Gemini Deep Research: what each AI research report actually costs
Google launched a developer API for Deep Research on April 21. The official estimate is $1-3 per task. That number is accurate but incomplete - it bakes in 50-70% cache hits and doesn't surface that Google Search queries alone add $1.12 per standard run. Here's where the money actually goes.

Image source: Google AI Blog
TL;DR
- -Two agents launched April 21:
deep-research-preview-04-2026(standard, ~$2/task) anddeep-research-max-preview-04-2026(Max, ~$5/task). - -Runs on Gemini 3.1 Pro at standard rates ($2.00/1M input, $12.00/1M output). No markup on the agent layer.
- -Google Search grounding is on by default: 80 queries per standard task, 160 per Max, at $14/1K. That adds $1.12-$2.24 per task in search costs alone.
- -Implicit caching covers 50-70% of input tokens per task - the main reason inference stays affordable inside the agentic loop.

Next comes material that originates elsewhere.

(* Let $d\ge 2$ be an integer and let $\mathfrak{F}$ be either an ordered field or a field that has more than two elements, with universe $F$. Let $\mathcal{G}$ be an FFD coordinate geometry over $\mathfrak{F}$ (of dimension $d$), and let $\mathsf{R}\subseteq (F^d)^n$ be an $n$-ary relation on the points $F^d$, for some $n\ge 1$. Then the following statements are equivalent: (i) $\mathsf{R}$ is a concept of $\mathcal{G}$, i.e. $\mathsf{R}$ is definable in $\mathcal{G}$; (ii) $\mathsf{R}$ is definable over $\mathfrak{F}$ and is closed under all automorphisms of $\mathcal{G}$; (iii) $\mathsf{R}$ is definable over $\mathfrak{F}$ and is closed under all affine automorphisms of $\mathcal{G}$.
   Context: A field is $\langle F,+,\cdot,0,1\rangle$; an ordered field is $\langle F,+,\cdot,0,1,\le\rangle$. "Definable" always means first-order definable without parameters: an $n$-ary relation $\mathsf{S}$ on the universe $M$ of a model $\mathfrak{M}$ is definable in $\mathfrak{M}$ iff there is a formula $\varphi(v_1,\dots,v_n)$ of the language of $\mathfrak{M}$ with $(a_1,\dots,a_n)\in\mathsf{S}\iff \mathfrak{M}\models\varphi[a_1,\dots,a_n]$; definable relations are called concepts of $\mathfrak{M}$. For $\vec p=\langle p_1,\dots,p_d\rangle\in F^d$, the collinearity relation is ${\mathsf{Col}}(\vec p,\vec q,\vec r)$ iff $\vec q=\vec p+\lambda(\vec r-\vec p)$ for some $\lambda\in F$ or $\vec r=\vec p$; for an ordered field, the betweenness relation is ${\mathsf{Bw}}(\vec p,\vec q,\vec r)$ iff $\vec q=\vec p+\lambda(\vec r-\vec p)$ for some $\lambda\in F$ with $0\le\lambda\le 1$. An $n$-ary relation $\mathsf{R}$ on $F^d$ is definable over $\mathfrak{F}$ iff the $dn$-ary relation $\widehat{\mathsf{R}}=\{(p_{11},\dots,p_{1d},\dots,p_{n1},\dots,p_{nd}) : (\langle p_{11},\dots,p_{1d}\rangle,\dots,\langle p_{n1},\dots,p_{nd}\rangle)\in\mathsf{R}\}$ on $F$ is definable in $\mathfrak{F}$. A ($d$-dimensional) coordinate geometry over a field $\mathfrak{F}$ is a first-order model $\mathcal{G}$ whose universe is $F^d$, whose language contains only relation symbols (no functions or constants), and in which ${\mathsf{Col}}$ is definable. A coordinate geometry over an ordered field $\mathfrak{F}$ is defined the same way, with ${\mathsf{Bw}}$ in place of ${\mathsf{Col}}$. A coordinate geometry is field-definable if all its relations are definable over $\mathfrak{F}$, and FFD (finitely field-definable) if it is field-definable and has only finitely many relations. An affine transformation of $F^d$ is a map $\tau\circ L$ with $L$ an invertible linear map $F^d\to F^d$ and $\tau$ a translation. An affine automorphism of $\mathcal{G}$ is an automorphism of $\mathcal{G}$ that is an affine transformation. A relation $\mathsf{R}$ is closed under $f$ if $(a_1,\dots,a_n)\in\mathsf{R}$ implies $(f(a_1),\dots,f(a_n))\in\mathsf{R}$. *)

theory Defs
  imports Main
begin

- -Available via the Interactions API (not
generate_content), async only, paid tiers only.
What Google actually shipped
Deep Research was already live in the Gemini app and NotebookLM before April 21. What changed is the developer API - the Interactions API in public preview. You can now call these agents directly from your code, not just from Google surfaces.
Both versions run on Gemini 3.1 Pro. The model scores 85.9% on BrowseComp - a benchmark measuring an agent's ability to find hard-to-locate information through persistent web browsing. That's 1.9 points above Claude Opus 4.6 (84.0%) and well above GPT-5.2 (65.8%). For a research agent where the entire value proposition is finding things on the web, that matters.
The two agents differ in how hard they push. Standard runs about 80 web searches, processes roughly 250K input tokens and 60K output tokens, and typically completes in 5-15 minutes. Max runs 160 searches, processes around 900K input tokens and 80K output tokens, and is designed for batch jobs where you want maximum source coverage.
Cost per task: the full breakdown
Google publishes official estimates on their pricing page. We've broken out the search cost separately because it's the component most likely to catch developers off guard.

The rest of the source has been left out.